Consider a mechanism for embedding documentation in the XML file. This refers to documentation describing commands and parameters. For example, introduce a DOC tag for each element requiring description. Based on such embedded documentation, a description of all commands can be automatically generated. A separate utility can generate the output document, and klish can ignore the DOC tags.

(?) In what language should this documentation be? gettext? Wouldn't it be too cumbersome for PARAM, for example?

Plugin

The plugin object should contain a reference to userdata inside itself.

Shebang Field

For the ACTION tag, the shabang field is no longer required. Everything will be specified by the builtin field or its equivalent.

Builtin Field

The name builtin no longer reflects the essence of the attribute. Instead of builtin, the name sym will be used. The attribute is a reference to a symbol from the plugin.

Konfd Service

The konfd mechanism is no longer supported. It is recommended to implement similar functionality through other mechanisms. Possibly making access to the configuration storage just part of an ACTION.

COMMAND Visibility

Currently, there is an access field for commands, but it is static, i.e., checked at klish startup. Commands filtered at the loading stage do not enter the command list (in the program's memory) at all. For PARAM parameters, there is a test field that allows dynamically hiding individual parameters based on a given condition. A similar dynamic mechanism for commands is needed. Only the test field is replaced by a <COND> tag.

Substitutions

In the current klish version, substitutions are widely used. Substitutions are text strings that include references to klish variables. When using such strings, the values of klish variables are expanded directly into the text where the variable reference previously stood. Currently, substitutions are used in the following constructs:

ACTION:script
CONFIG:attributes
PARAM:completion
PARAM:test
VIEW:prompt
VIEW:viewid
VAR:value
COMMAND:view
HOTKEY:cmd

In many cases, using substitutions is unsafe, especially in the case of a script for execution by a shell interpreter. Additionally, it's impossible to implement substitution (i.e., string value evaluation) in an arbitrary language. There is no way to specify the substitution interpreter. In the new klish, substitutions as a basic functionality should not exist. In most cases, substitutions are used in XML tag attributes. Attributes are replaced by nested tags. These nested tags can contain an ACTION tag. Thus, string generation, as in completion, or condition checking, as in test, can be written in any supported language (see ACTION tag).
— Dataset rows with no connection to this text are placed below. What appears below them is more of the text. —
lemma finprod_coords_hom:
  assumes "comm_group H" "h \<in> hom B H"
  shows "(\<lambda>w. finprod H (\<lambda>i. h (fst w i)) I) \<in> hom W H"
proof -
  interpret H: comm_group H by (rule assms(1))
  interpret h: group_hom B H h
    by (intro group_hom.intro group_hom_axioms.intro) (fact is_group H.is_group assms(2))+
  have hf: "(\<lambda>i. h (f i)) \<in> I \<rightarrow> carrier H" if "f \<in> I \<rightarrow>\<^sub>E carrier B" for f
    using that by auto
  show ?thesis
  proof (rule homI)
    fix w assume "w \<in> carrier W"
    then show "finprod H (\<lambda>i. h (fst w i)) I \<in> carrier H"
      by (cases w) (auto intro: H.finprod_closed hf)
  next
    fix v w assume "v \<in> carrier W" "w \<in> carrier W"
    then obtain f a g b where v: "v = (f, a)" "f \<in> I \<rightarrow>\<^sub>E carrier B" "a < p"
      and w: "w = (g, b)" "g \<in> I \<rightarrow>\<^sub>E carrier B"
      by (cases v, cases w) auto
    have shifted: "(\<lambda>i. h (g ((i + p - a) mod p))) \<in> I \<rightarrow> carrier H"
      using w p_pos by auto
    have "finprod H (\<lambda>i. h (fst (v \<otimes>\<^bsub>W\<^esub> w) i)) I =
        finprod H (\<lambda>i. h (f i) \<otimes>\<^bsub>H\<^esub> h (g ((i + p - a) mod p))) I"
      using v w p_pos by (intro H.finprod_cong') (auto simp: mult_W)
    also have "\<dots> = finprod H (\<lambda>i. h (f i)) I \<otimes>\<^bsub>H\<^esub> finprod H (\<lambda>i. h (g ((i + p - a) mod p))) I"
      using hf[OF v(2)] shifted by (rule H.finprod_multf)
    also have "finprod H (\<lambda>i. h (g ((i + p - a) mod p))) I = finprod H (\<lambda>i. h (g i)) I"
      using H.finprod_reindex[of "\<lambda>i. h (g i)" "\<lambda>i. (i + p - a) mod p" I] hf[OF w(2)]
        bij_betw_shift_mod[OF v(3)] by (simp add: bij_betw_def)
    finally show "finprod H (\<lambda>i. h (fst (v \<otimes>\<^bsub>W\<^esub> w) i)) I =
        finprod H (\<lambda>i. h (fst v i)) I \<otimes>\<^bsub>H\<^esub> finprod H (\<lambda>i. h (fst w i)) I"
      using v w by simp
  qed
qed

lemma rotation_hom: "(\<lambda>w. int (snd w)) \<in> hom W (integer_mod_group p)"
proof (rule homI)
  fix w assume "w \<in> carrier W"
  then show "int (snd w) \<in> carrier (integer_mod_group p)"
    using p_pos by (auto simp: carrier_W carrier_integer_mod_group)
next
  fix v w assume "v \<in> carrier W" "w \<in> carrier W"
  then show "int (snd (v \<otimes>\<^bsub>W\<^esub> w)) = int (snd v) \<otimes>\<^bsub>integer_mod_group p\<^esub> int (snd w)"
    by (cases v, cases w) (simp add: mult_W of_nat_mod)
qed

lemma derived_W_elim:
  assumes "w \<in> derived W (carrier W)"
  obtains f where "w = (f, 0)" "f \<in> I \<rightarrow>\<^sub>E carrier B" "desc_prod B f p \<in> derived B (carrier B)"
proof -
  let ?N = "derived B (carrier B)"
  let ?Q = "B Mod ?N"
  interpret N: normal ?N B by (rule derived_self_is_normal)
  have Q: "comm_group ?Q" by (rule derived_quot_is_comm_group)
  interpret coset: group_hom B ?Q "\<lambda>x. ?N #> x"
    by (intro group_hom.intro group_hom_axioms.intro is_group N.factorgroup_is_group N.r_coset_hom_Mod)
  have comm_Zp: "comm_group (integer_mod_group p)"
    by (rule group.group_comm_groupI) (auto simp: add.commute)
  have hom_on_W: "group_hom W H h" if "group H" "h \<in> hom W H" for H h
    using that by (intro group_hom.intro group_hom_axioms.intro group_W)
  have "w \<in> carrier W" using assms group.derived_in_carrier[OF group_W] by blast
  then obtain f a where w: "w = (f, a)" "f \<in> I \<rightarrow>\<^sub>E carrier B" "a < p"
    by (cases w) auto
  have "int a = 0"
    using group_hom.derived_in_kernel_of_comm_group[OF hom_on_W[OF _ rotation_hom] comm_Zp assms] w
    by simp
  have "?N #> desc_prod B f p = finprod ?Q (\<lambda>i. ?N #> f i) I"
    using w(2) by (intro coset.desc_prod_hom Q) simp
  also have "\<dots> = \<one>\<^bsub>?Q\<^esub>"
    using group_hom.derived_in_kernel_of_comm_group[OF
        hom_on_W[OF _ finprod_coords_hom[OF Q coset.homh]] Q assms] w
    by (simp add: comm_group.axioms(2)[OF Q])
  finally have "desc_prod B f p \<in> ?N"
    using w(2) by (intro coset_join1[OF _ _ N.subgroup_axioms]) (auto intro: desc_prod_closed)
  then show thesis using that w \<open>int a = 0\<close> by simp
qed

definition embed_0 :: "'a \<Rightarrow> (nat \<Rightarrow> 'a) \<times> nat" where
  "embed_0 b = ((\<lambda>i\<in>I. if i = 0 then b else \<one>), 0)"

lemma embed_0_mult:
  assumes "g \<in> I \<rightarrow>\<^sub>E carrier B" "u \<in> carrier B"
  shows "embed_0 u \<otimes>\<^bsub>W\<^esub> (g, 0) = (g(0 := u \<otimes> g 0), 0)"
  unfolding embed_0_def mult_W using assms p_pos by (simp add: fun_eq_iff PiE_arb[of g I])

lemma embed_0_hom: "embed_0 \<in> hom B W"
proof (rule homI)
  fix u v assume uv: "u \<in> carrier B" "v \<in> carrier B"
  have "embed_0 u \<otimes>\<^bsub>W\<^esub> embed_0 v = ((\<lambda>i\<in>I. if i = 0 then v else \<one>)(0 := u \<otimes> v), 0)"
    unfolding embed_0_def[of v] using uv p_pos by (subst embed_0_mult) auto
  then show "embed_0 (u \<otimes> v) = embed_0 u \<otimes>\<^bsub>W\<^esub> embed_0 v"
    using p_pos by (auto simp: embed_0_def)
qed (use p_pos in \<open>auto simp: embed_0_def\<close>)

lemma commutator_W_rotation:
  assumes "1 < p" "x \<in> I \<rightarrow>\<^sub>E carrier B" "y \<in> I \<rightarrow>\<^sub>E carrier B"
  shows "commutator W (x, 0) (y, 1) =
    ((\<lambda>i\<in>I. x i \<otimes> y i \<otimes> inv (x ((i + p - 1) mod p)) \<otimes> inv (y i)), 0)"
proof -
  have "(x, 0) \<otimes>\<^bsub>W\<^esub> (y, 1) = ((\<lambda>i\<in>I. x i \<otimes> y i), 1)"
    unfolding mult_W using assms(1) by (auto intro!: restrict_ext)
  moreover have "inv\<^bsub>W\<^esub> (x, 0) = ((\<lambda>i\<in>I. inv (x i)), 0)"
    using inv_W[OF assms(2)] p_pos by (auto intro!: restrict_ext)
  moreover have "((\<lambda>i\<in>I. x i \<otimes> y i), 1) \<otimes>\<^bsub>W\<^esub> ((\<lambda>i\<in>I. inv (x i)), 0) =
      ((\<lambda>i\<in>I. x i \<otimes> y i \<otimes> inv (x ((i + p - 1) mod p))), 1)"
    unfolding mult_W using assms(1) by (auto intro!: restrict_ext)
  moreover have "inv\<^bsub>W\<^esub> (y, 1) = ((\<lambda>i\<in>I. inv (y ((i + 1) mod p))), p - 1)"
    using inv_W[OF assms(3)] assms(1) by simp
  moreover have "((\<lambda>i\<in>I. x i \<otimes> y i \<otimes> inv (x ((i + p - 1) mod p))), 1) \<otimes>\<^bsub>W\<^esub>
        ((\<lambda>i\<in>I. inv (y ((i + 1) mod p))), p - 1) =
      ((\<lambda>i\<in>I. x i \<otimes> y i \<otimes> inv (x ((i + p - 1) mod p)) \<otimes> inv (y i)), 0)"
  proof -
    have "Suc ((i + p - Suc 0) mod p) mod p = i" if "i < p" for i
      using add_mod_shift_cancel[OF assms(1) that] by simp
    then show ?thesis unfolding mult_W using assms p_pos by (auto intro!: restrict_ext)
  qed
  ultimately show ?thesis unfolding commutator_def by simp
qed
Examples of replacing attributes with nested tags:

<VIEW .... >
  <PROMPT>
    <ACTION>
    echo "my_prompt"
    </ACTION>
  </PROMPT>

<PARAM ...>
  <COND>
    <ACTION>
      test $env_var -eq 0
    </ACTION>
  </COND>
</PARAM>

In cases where substitutions are still useful, they can be implemented inside the executable function that will process the ACTION content, i.e., the script.

Escaping

This section concerns cases where it's necessary to enter a complex string (with spaces and special characters) on the command line. It's desirable to avoid excessive escaping that makes the string unreadable. For this, the new klish should use 3 different characters for quoting:

" (double quote)
' (single quote)
` (backtick)

Additionally, repeated quote characters can be used as opening and closing quotes. For example, the character sequence """ can be an opening quote. In this case, the closing quote must be the same character sequence. This approach allows using the same character inside the string as the opening/closing quote but with a smaller number of consecutive characters. For example:

""This is a "long" string""

Here, the nested quotes around the word long are part of the string. The opening and closing quotes are the character sequence "". The number of characters in the opening and closing sequence can vary depending on the situation and string content. For definiteness, let's assume the number of characters in the sequence should not exceed three.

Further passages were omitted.